Notre devoir est d’améliorer notre efficience pour permettre
de soigner mieux et plus de patients avec proportionnellement
moins de moyens financiers.
Car, la société nous demande de soigner toujours plus de
patients, plus longtemps, mieux et avec proportionnellement
moins d’argent. Leurs nouveaux managers doivent aussi avoir
une vision à long terme capable d’intégrer les ruptures technologiques et des changements de comportement. Dans la
pharma, l’avenir ne sera plus une simple suite ou une répétition
des modèles passés.
Sous l’impulsion des nouvelles technologies, et des associations
de patients, la donne a changé dans le monde de la santé. En
cas de maladie, 75% des patients s’informent sur Internet. Mais
surtout, 25% d’entre eux font davantage confiance aux infor-
mations lues sur des blogs en ligne qu’à l’avis des médecins. On
peut parfois le regretter, mais c’est un fait dont nous devons
obligatoirement tenir compte. La pharma devra donc se rapprocher du patient, l’écouter davantage et entrer plus souvent en
contact direct avec le consommateur final. Ce qu’elle ne se permettait pas jusqu’ici, souvent pour des raisons réglementaires.

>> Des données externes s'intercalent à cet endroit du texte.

(* Let $\Omega$ be a Polish space and $T\in\mathscr{L}(\mathscr{M}(\Omega),\sigma)$ with associated transition kernel $k$. Then the positive part $T^+$ of $T$ taken in the vector lattice $\mathscr{L}(\mathscr{M}(\Omega))$ is weakly continuous, and its associated transition kernel is $k_+$, i.e. $(T^+\mu)(A)=\int_\Omega k_+(x,A)\,d\mu(x)$. In particular, $\mathscr{L}(\mathscr{M}(\Omega),\sigma)$ is a sublattice of $\mathscr{L}(\mathscr{M}(\Omega))$.
   Context: $\mathscr{M}(\Omega)$ is the Banach lattice of finite signed Borel measures; $\mathscr{L}(\mathscr{M}(\Omega))$ is the Banach lattice of bounded operators on it, ordered by $S\le T$ iff $S\mu\le T\mu$ for all positive $\mu$. A transition kernel is a map $k:\Omega\times\mathscr{B}(\Omega)\to\mathbb{R}$, finite signed measure in the second variable and Borel measurable in the first; bounded if $\sup_x\lvert k\rvert(x,\Omega)<\infty$. $T$ is weakly continuous with associated kernel $k$ if $k$ is a bounded transition kernel and $(T\mu)(A)=\int k(x,A)\,d\mu(x)$ for all $\mu,A$; $\mathscr{L}(\mathscr{M}(\Omega),\sigma)$ denotes the space of weakly continuous operators. $k_+(x,\cdot)$ is the positive part of the signed measure $k(x,\cdot)$. *)

theory Defs
  imports "HOL-Analysis.Analysis"
begin

text \<open>Finite signed Borel measures on a Polish space (the whole type 'a), represented
  as real-valued set functions that are countably additive on the Borel sets.\<close>

definition signed_measure :: "('a::topological_space set \<Rightarrow> real) \<Rightarrow> bool" where
  "signed_measure \<mu> \<longleftrightarrow> \<mu> {} = 0 \<and>
     (\<forall>F::nat \<Rightarrow> 'a set. range F \<subseteq> sets borel \<longrightarrow> disjoint_family F \<longrightarrow>
        (\<lambda>n. \<mu> (F n)) sums \<mu> (\<Union>n. F n))"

Avant, le produit était roi. Aujourd’hui, c’est le patient qui est
le président. Le secteur pharmaceutique devra passer progressivement d’un modèle B2B (business to business) à un modèle
B2C (business to consumer). C’est une évolution qu’ont connue
d’autres secteurs économiques.
A l’avenir, l’importance des blockbusters pourrait également
s’atténuer progressivement jusqu’à disparaître. L’industrie
pharmaceutique sera contrainte de commercialiser par exemple
20 médicaments qui génèrent de 300 à 500 millions par an, au
lieu de gérer cinq produits qui affichent chacun des revenus de
plus d’un milliard par an. La médecine personnalisée, qui offre
la possibilité de stratifier les patients, permet de recourir à des
traitements, qui, parce qu’ils s’adressent à une portion plus
ciblée de la population, vont générer moins de revenus.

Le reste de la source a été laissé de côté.